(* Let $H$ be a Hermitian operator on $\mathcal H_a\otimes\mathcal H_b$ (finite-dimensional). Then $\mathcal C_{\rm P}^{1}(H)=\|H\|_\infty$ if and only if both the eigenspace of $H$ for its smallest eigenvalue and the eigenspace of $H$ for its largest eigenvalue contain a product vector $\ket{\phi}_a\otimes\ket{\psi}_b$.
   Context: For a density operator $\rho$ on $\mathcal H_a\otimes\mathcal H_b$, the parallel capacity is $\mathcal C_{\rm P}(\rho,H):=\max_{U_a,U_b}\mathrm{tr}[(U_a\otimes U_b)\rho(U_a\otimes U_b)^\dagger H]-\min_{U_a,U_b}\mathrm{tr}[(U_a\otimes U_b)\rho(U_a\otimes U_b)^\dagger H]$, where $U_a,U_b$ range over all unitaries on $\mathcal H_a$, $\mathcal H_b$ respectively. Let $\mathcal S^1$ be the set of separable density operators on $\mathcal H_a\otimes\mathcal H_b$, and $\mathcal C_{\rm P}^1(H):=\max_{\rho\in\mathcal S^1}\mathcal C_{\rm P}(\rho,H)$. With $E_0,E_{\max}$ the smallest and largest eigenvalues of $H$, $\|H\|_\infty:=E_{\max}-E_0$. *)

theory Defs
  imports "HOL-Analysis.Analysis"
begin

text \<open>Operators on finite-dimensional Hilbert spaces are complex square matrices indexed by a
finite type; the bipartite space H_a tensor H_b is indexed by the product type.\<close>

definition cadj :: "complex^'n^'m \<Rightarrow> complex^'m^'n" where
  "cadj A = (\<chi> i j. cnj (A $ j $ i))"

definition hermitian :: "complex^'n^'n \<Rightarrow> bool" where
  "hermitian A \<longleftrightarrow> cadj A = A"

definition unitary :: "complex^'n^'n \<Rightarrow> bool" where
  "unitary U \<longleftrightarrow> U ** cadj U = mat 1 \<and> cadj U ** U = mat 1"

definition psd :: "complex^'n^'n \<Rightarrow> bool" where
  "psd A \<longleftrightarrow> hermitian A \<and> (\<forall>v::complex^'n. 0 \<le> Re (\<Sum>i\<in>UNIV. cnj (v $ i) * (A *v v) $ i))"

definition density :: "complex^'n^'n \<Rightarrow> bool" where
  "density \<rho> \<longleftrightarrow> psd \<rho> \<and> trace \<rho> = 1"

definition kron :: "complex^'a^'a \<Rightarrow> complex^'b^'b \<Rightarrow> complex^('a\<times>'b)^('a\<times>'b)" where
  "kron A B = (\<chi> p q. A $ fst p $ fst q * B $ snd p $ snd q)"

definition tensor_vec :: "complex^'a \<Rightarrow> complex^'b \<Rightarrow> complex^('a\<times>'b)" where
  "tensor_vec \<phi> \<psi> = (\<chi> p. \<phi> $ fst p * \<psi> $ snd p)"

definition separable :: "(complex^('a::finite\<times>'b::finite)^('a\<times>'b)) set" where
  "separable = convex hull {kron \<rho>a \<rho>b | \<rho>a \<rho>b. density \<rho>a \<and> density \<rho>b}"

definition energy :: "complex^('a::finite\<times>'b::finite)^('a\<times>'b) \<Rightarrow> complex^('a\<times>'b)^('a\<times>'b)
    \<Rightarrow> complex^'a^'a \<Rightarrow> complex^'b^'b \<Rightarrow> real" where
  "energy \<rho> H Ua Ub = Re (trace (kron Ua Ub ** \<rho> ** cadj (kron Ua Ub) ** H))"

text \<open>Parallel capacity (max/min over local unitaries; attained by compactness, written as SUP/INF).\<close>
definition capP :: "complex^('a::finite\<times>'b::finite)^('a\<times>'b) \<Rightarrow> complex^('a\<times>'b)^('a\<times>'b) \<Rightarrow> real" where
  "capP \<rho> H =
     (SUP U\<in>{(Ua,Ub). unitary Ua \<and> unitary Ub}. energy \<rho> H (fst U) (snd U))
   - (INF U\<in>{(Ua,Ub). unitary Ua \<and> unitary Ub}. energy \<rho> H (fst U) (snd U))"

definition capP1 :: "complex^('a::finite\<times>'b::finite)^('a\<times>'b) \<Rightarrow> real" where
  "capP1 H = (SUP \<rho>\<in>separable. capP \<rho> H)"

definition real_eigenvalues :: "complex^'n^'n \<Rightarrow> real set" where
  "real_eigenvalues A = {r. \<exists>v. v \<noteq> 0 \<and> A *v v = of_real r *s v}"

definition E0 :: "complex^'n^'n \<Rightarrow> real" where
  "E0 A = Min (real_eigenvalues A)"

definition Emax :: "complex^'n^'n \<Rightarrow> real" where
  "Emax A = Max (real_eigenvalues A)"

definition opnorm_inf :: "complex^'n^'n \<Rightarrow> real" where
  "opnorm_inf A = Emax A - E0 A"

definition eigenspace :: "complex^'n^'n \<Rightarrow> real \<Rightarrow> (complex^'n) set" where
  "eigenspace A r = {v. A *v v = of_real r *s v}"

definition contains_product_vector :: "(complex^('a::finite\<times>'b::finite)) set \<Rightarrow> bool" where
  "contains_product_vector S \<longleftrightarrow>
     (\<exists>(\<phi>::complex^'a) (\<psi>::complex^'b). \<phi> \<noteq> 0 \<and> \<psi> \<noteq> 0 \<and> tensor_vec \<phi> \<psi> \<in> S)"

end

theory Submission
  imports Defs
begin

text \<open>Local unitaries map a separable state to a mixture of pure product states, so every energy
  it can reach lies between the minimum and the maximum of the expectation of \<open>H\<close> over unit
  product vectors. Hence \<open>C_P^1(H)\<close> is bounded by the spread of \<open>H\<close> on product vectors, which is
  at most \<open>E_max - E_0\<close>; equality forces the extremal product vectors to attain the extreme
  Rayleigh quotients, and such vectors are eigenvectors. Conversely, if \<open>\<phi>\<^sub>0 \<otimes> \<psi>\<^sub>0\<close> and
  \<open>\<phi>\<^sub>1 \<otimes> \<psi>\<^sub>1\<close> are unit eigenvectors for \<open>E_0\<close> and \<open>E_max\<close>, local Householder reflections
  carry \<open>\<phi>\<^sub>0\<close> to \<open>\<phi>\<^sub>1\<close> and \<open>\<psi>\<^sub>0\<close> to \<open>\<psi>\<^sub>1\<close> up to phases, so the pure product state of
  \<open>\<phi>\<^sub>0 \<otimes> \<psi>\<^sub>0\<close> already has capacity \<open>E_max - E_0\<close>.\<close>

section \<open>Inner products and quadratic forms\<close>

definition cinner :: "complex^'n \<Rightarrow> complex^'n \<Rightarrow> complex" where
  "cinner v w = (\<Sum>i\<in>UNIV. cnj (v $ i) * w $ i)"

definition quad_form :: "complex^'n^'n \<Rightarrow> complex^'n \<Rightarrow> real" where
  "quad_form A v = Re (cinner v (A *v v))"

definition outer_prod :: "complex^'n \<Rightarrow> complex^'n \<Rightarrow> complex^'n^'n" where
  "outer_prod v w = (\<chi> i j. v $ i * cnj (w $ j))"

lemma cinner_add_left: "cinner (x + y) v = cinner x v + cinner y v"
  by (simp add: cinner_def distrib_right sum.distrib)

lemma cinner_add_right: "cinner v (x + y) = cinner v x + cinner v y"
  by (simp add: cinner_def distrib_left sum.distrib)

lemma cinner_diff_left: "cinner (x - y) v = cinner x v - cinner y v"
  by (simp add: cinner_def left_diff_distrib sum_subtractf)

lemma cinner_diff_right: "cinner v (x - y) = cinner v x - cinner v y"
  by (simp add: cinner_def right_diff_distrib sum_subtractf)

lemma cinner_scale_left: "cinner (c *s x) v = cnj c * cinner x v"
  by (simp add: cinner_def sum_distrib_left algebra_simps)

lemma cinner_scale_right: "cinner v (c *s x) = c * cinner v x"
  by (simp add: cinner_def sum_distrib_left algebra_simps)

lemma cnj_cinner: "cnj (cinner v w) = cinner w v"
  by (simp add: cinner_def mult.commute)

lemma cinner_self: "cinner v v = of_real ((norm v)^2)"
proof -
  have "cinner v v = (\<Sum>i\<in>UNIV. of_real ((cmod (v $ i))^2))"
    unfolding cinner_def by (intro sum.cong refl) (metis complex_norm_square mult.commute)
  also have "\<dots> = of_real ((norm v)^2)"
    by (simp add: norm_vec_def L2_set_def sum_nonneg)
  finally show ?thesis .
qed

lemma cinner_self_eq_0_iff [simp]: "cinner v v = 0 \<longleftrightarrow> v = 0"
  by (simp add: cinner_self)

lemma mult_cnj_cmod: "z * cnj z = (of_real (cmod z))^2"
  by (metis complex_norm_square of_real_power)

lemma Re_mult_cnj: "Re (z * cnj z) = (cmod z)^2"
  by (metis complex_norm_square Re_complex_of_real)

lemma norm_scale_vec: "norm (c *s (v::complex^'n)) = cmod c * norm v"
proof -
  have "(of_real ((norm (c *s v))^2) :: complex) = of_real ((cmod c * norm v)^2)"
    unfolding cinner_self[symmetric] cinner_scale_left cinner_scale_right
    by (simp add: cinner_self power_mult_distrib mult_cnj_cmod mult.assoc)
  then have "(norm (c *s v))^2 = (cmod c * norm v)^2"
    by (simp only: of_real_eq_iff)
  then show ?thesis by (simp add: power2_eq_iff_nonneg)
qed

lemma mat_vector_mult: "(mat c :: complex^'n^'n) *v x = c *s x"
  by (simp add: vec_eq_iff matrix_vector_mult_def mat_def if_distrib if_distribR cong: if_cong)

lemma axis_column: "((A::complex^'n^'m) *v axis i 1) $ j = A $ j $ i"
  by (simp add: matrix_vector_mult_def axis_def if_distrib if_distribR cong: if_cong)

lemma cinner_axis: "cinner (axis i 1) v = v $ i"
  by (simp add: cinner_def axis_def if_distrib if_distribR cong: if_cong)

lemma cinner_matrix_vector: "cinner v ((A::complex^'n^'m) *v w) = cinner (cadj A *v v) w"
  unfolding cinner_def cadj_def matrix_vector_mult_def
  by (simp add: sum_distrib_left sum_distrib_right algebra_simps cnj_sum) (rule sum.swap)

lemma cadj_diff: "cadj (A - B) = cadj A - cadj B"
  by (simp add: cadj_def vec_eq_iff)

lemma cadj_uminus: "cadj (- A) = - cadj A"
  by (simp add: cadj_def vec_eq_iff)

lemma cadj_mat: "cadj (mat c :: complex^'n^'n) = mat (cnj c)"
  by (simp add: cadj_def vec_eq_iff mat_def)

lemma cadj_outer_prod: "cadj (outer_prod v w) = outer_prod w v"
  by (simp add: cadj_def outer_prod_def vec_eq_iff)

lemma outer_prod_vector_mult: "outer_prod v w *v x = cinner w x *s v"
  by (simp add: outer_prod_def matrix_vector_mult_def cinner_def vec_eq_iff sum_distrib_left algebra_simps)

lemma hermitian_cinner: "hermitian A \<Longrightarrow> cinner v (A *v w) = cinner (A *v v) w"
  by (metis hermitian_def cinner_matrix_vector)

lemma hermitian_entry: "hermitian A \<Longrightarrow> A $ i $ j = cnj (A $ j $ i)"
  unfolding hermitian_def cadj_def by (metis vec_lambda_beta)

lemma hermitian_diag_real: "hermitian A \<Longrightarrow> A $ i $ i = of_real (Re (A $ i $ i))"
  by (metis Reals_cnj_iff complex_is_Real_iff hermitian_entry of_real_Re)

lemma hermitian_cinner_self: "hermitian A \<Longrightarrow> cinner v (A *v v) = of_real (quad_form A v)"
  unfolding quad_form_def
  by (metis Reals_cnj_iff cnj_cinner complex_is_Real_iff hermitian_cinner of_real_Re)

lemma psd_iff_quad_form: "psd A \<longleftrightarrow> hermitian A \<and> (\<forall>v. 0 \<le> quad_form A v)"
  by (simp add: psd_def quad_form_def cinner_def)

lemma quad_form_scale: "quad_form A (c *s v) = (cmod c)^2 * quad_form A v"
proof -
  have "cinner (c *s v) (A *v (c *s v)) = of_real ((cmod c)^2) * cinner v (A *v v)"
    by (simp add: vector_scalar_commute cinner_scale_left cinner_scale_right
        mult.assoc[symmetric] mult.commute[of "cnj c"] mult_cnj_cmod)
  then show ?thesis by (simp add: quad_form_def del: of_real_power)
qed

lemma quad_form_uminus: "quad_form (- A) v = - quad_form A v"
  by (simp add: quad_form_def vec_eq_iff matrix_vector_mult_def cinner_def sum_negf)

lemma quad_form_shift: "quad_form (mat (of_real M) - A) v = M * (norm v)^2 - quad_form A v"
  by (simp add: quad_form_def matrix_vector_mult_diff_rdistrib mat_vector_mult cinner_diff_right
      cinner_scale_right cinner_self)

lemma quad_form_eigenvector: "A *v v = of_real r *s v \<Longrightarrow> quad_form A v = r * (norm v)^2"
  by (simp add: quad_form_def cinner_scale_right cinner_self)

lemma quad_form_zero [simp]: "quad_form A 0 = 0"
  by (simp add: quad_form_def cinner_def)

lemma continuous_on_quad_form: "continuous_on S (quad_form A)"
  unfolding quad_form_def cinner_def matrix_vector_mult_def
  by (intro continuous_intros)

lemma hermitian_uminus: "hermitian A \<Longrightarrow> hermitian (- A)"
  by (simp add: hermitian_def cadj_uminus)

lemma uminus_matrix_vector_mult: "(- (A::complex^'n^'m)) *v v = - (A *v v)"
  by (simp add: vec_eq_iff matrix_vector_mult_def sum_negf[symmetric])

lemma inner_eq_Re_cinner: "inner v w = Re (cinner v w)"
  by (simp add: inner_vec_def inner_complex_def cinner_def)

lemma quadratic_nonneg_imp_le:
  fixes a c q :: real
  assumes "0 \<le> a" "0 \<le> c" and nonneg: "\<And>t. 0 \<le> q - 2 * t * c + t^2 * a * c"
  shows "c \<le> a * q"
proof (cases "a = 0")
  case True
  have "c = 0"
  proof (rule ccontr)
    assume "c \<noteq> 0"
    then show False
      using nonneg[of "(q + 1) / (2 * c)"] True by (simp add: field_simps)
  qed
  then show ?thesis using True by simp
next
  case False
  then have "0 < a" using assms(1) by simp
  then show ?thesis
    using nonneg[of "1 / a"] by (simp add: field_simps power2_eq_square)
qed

◇ ◇ ◇ ◇

- **EXERCISE DIRECTIONS**:
Among the lines above, the ones holding the word "kron" must be counted; only that count is to be given.

- **EXERCISE RESPONSE**:
4